Aunque la resistencia a la abrasión mejora solo ligeramente (7–12 %), la vida útil total disminuye entre un 30 y un 50 % en las unidades de deshidratación de carbón debido a la fisuración por tensión. Asimismo, las cribas sobreduradas comprometen el sellado del bastidor, aumentando el consumo energético un 18 %.

Preguntas frecuentes

¿Cuál es la causa principal del fallo de las cribas de poliuretano (PU) para deshidratación?

La hidrólisis, una degradación química inducida por el agua, es la causa principal de los fallos prematuros de las cribas de poliuretano (PU) para deshidratación en entornos ácidos, alcalinos o con alta humedad.

¿Cómo afecta la hidrólisis a las cribas de PU basadas en poliéster?

Las cribas de PU basadas en poliéster son particularmente susceptibles a la hidrólisis, lo que provoca hinchazón, reducción de la resistencia a la tracción y deterioro de la integridad estructural.

¿Cómo se desempeñan las cribas de PU basadas en poliéter comparadas con las de poliéster?

Las pantallas de PU basadas en poliéter exhiben una mejor resistencia a la hidrólisis, conservando más del 90 % de su rendimiento original en entornos agresivos, frente a una pérdida del 40 % en pantallas de PU de poliéster.

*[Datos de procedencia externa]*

(* Let $k,m$ be positive integers, let $N(\mu_1,I+\Sigma_1),\dots,N(\mu_k,I+\Sigma_k)$ be Gaussians on $\mathbb{R}^d$, and let $P_1,\dots,P_k$ be real polynomials in $X=(X_1,\dots,X_d)$ of degree at most $m$. Let \[f(X,y)=\sum_{j=1}^kP_j(Xy)e^{\mu_j(X)y+\frac12\Sigma_j(X)y^2}=\sum_{r\ge0}\frac{f_r(X)}{r!}y^r.\] Let $\kappa=(m+1)(2^k-1)$. Then there are polynomials $R_{j,l}(X)$ in $d$ variables, for $0\le j\le\kappa$ and $0\le l\le\kappa-j$, such that: (1) $R_{j,l}$ is homogeneous of degree $\kappa-j+l$, and $R_{\kappa,0}=1$; (2) each $R_{j,l}$ is $(A,B)$-simple with respect to $\{\mu_1(X),\Sigma_1(X),\dots,\mu_k(X),\Sigma_k(X)\}$ for some $A,B$ depending only on $k,m$; (3) for all integers $a\ge\kappa$, \[\sum_{j=0}^{\kappa}\sum_{l=0}^{\kappa-j}\frac{f_{a-\kappa+j-l}(X)\,R_{j,l}(X)}{(a-\kappa-l)!}=0,\] where terms with a negative factorial in the denominator are treated as $0$.
   Context: $\mu(X)=\mu^TX$, $\Sigma(X)=X^T\Sigma X$, and $Xy=(X_1y,\dots,X_dy)$. $f(X,y)$ is regarded as a formal power series in $y$ whose coefficients are polynomials in $X$; the $f_r$ are its primary terms. Given a family $\mathcal{S}$ of polynomials in $X$, a polynomial $Q(X)$ is $(A,B)$-simple with respect to $\mathcal{S}$ if it is a linear combination of at most $A$ terms, all coefficients of magnitude at most $A$, each term a product of at most $B$ polynomials from $\mathcal{S}$. *)

theory Defs
  imports "HOL-Analysis.Analysis"
begin

text \<open>Points of R^d are represented as functions nat => real; only the
  coordinates 0..d-1 are used.\<close>

definition monomial :: "nat \<Rightarrow> (nat \<Rightarrow> nat) \<Rightarrow> (nat \<Rightarrow> real) \<Rightarrow> real" where
  "monomial d \<alpha> X = (\<Prod>i<d. X i ^ \<alpha> i)"

definition poly_deg_le :: "nat \<Rightarrow> nat \<Rightarrow> ((nat \<Rightarrow> real) \<Rightarrow> real) \<Rightarrow> bool" where
  "poly_deg_le d m P \<longleftrightarrow> (\<exists>M c. finite M \<and>
      (\<forall>\<alpha>\<in>M. (\<forall>i\<ge>d. \<alpha> i = 0) \<and> sum \<alpha> {..<d} \<le> m) \<and>
      (\<forall>X. P X = (\<Sum>\<alpha>\<in>M. c \<alpha> * monomial d \<alpha> X)))"

definition hom_poly :: "nat \<Rightarrow> nat \<Rightarrow> ((nat \<Rightarrow> real) \<Rightarrow> real) \<Rightarrow> bool" where
  "hom_poly d n P \<longleftrightarrow> (\<exists>M c. finite M \<and>
      (\<forall>\<alpha>\<in>M. (\<forall>i\<ge>d. \<alpha> i = 0) \<and> sum \<alpha> {..<d} = n) \<and>
      (\<forall>X. P X = (\<Sum>\<alpha>\<in>M. c \<alpha> * monomial d \<alpha> X)))"

definition simple_wrt :: "((nat \<Rightarrow> real) \<Rightarrow> real) set \<Rightarrow> nat \<Rightarrow> nat \<Rightarrow> ((nat \<Rightarrow> real) \<Rightarrow> real) \<Rightarrow> bool" where
  "simple_wrt S A B Q \<longleftrightarrow> (\<exists>T c L. T \<le> A \<and>
      (\<forall>t<T. \<bar>c t\<bar> \<le> real A \<and> length (L t) \<le> B \<and> set (L t) \<subseteq> S) \<and>
      (\<forall>X. Q X = (\<Sum>t<T. c t * prod_list (map (\<lambda>q. q X) (L t)))))"

definition lin_form :: "nat \<Rightarrow> (nat \<Rightarrow> real) \<Rightarrow> (nat \<Rightarrow> real) \<Rightarrow> real" where
  "lin_form d \<mu> X = (\<Sum>i<d. \<mu> i * X i)"

definition quad_form :: "nat \<Rightarrow> (nat \<Rightarrow> nat \<Rightarrow> real) \<Rightarrow> (nat \<Rightarrow> real) \<Rightarrow> real" where
  "quad_form d S X = (\<Sum>i<d. \<Sum>i'<d. X i * S i i' * X i')"

text \<open>I + Sigma is a valid covariance matrix (symmetric positive semidefinite).\<close>
definition covariance_ok :: "nat \<Rightarrow> (nat \<Rightarrow> nat \<Rightarrow> real) \<Rightarrow> bool" where
  "covariance_ok d S \<longleftrightarrow> (\<forall>i<d. \<forall>i'<d. S i i' = S i' i) \<and>
     (\<forall>v. (\<Sum>i<d. v i * v i) + quad_form d S v \<ge> 0)"

definition gen_fun :: "nat \<Rightarrow> nat \<Rightarrow> (nat \<Rightarrow> nat \<Rightarrow> real) \<Rightarrow> (nat \<Rightarrow> nat \<Rightarrow> nat \<Rightarrow> real)
    \<Rightarrow> (nat \<Rightarrow> (nat \<Rightarrow> real) \<Rightarrow> real) \<Rightarrow> (nat \<Rightarrow> real) \<Rightarrow> real \<Rightarrow> real" where
  "gen_fun d k \<mu> S P X y = (\<Sum>j<k. P j (\<lambda>i. X i * y) *
      exp (lin_form d (\<mu> j) X * y + quad_form d (S j) X * y\<^sup>2 / 2))"

definition primary_term :: "nat \<Rightarrow> nat \<Rightarrow> (nat \<Rightarrow> nat \<Rightarrow> real) \<Rightarrow> (nat \<Rightarrow> nat \<Rightarrow> nat \<Rightarrow> real)
    \<Rightarrow> (nat \<Rightarrow> (nat \<Rightarrow> real) \<Rightarrow> real) \<Rightarrow> nat \<Rightarrow> (nat \<Rightarrow> real) \<Rightarrow> real" where
  "primary_term d k \<mu> S P r X = (deriv ^^ r) (gen_fun d k \<mu> S P X) 0"

end

theory Submission
  imports Defs "HOL-Library.Function_Algebras" "HOL-Computational_Algebra.Polynomial_FPS"
begin

text \<open>
  For \<open>c = (a, b)\<close> let \<open>L\<^sub>c G = G' - (a + b y) G\<close> on formal power series in \<open>y\<close>. It kills
  \<open>e\<^sub>c = exp (a y + b y\<^sup>2 / 2)\<close>, and by the product rule it acts on \<open>q \<cdot> e\<^sub>c\<close> as \<open>q' \<cdot> e\<^sub>c\<close> and,
  for any other \<open>c'\<close>, sends \<open>q \<cdot> e\<^sub>c\<close> to \<open>q\<^sub>1 \<cdot> e\<^sub>c\<close> with \<open>deg q\<^sub>1 \<le> deg q + 1\<close>. Hence applying
  \<open>L\<^sub>c\<^sub>j\<close> exactly \<open>(m + 1) 2\<^sup>j\<close> times for \<open>j = 0, \<dots>, k - 1\<close> (in this order) annihilates every
  summand \<open>P\<^sub>j (X y) e\<^sub>c\<^sub>j\<close> of \<open>f\<close>. The composite operator has order \<open>\<kappa>\<close>; written in normal
  order \<open>\<Sum> R\<^sub>j\<^sub>,\<^sub>l y\<^sup>l D\<^sup>j\<close>, the coefficient of \<open>y\<^sup>a\<^sup>-\<^sup>\<kappa>\<close> of the zero series is the claimed
  identity. The \<open>R\<^sub>j\<^sub>,\<^sub>l\<close> come out of a recursion with integer coefficients in the
  \<open>\<mu>\<^sub>j(X)\<close> and \<open>\<Sigma>\<^sub>j(X)\<close>, which makes them homogeneous and simple.
\<close>

section \<open>Power series expansions\<close>

lemma fps_nth_eq_higher_deriv:
  fixes f :: "'a :: {banach, real_normed_field} \<Rightarrow> 'a"
  assumes "f has_fps_expansion F"
  shows "fps_nth F n = (deriv ^^ n) f 0 / fact n"
proof -
  have "(deriv ^^ n) f has_fps_expansion (fps_deriv ^^ n) F"
    by (induction n) (use assms in \<open>auto intro: has_fps_expansion_deriv\<close>)
  then have "(deriv ^^ n) f 0 = fps_nth ((fps_deriv ^^ n) F) 0"
    by (auto simp: has_fps_expansion_def eval_fps_at_0 dest: eventually_nhds_x_imp_x)
  then show ?thesis
    by (simp add: fps_0th_higher_deriv)
qed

¿Por qué es importante la dureza Shore A para las pantallas de PU?

La dureza Shore A influye significativamente en la resistencia de una pantalla de PU al desgaste, a la fatiga y a la hidrólisis. La dureza Shore A 85 ofrece el mejor equilibrio entre rendimiento y durabilidad.

¿Qué ocurre si la dureza Shore A supera los 90?

Cuando la dureza Shore A supera los 90, las pantallas se vuelven más frágiles, lo que conduce a una mayor propagación de microgrietas, una menor vida útil bajo fatiga y problemas de obstrucción, pese a una mayor resistencia al desgaste.

¿Cuáles son los indicadores comunes de fallo de una pantalla de PU?

Los principales indicadores incluyen hinchazón, resistencia a la tracción inferior a 15 MPa, distorsión de las aberturas, aumento del cegamiento y grietas superficiales bajo cargas vibratorias.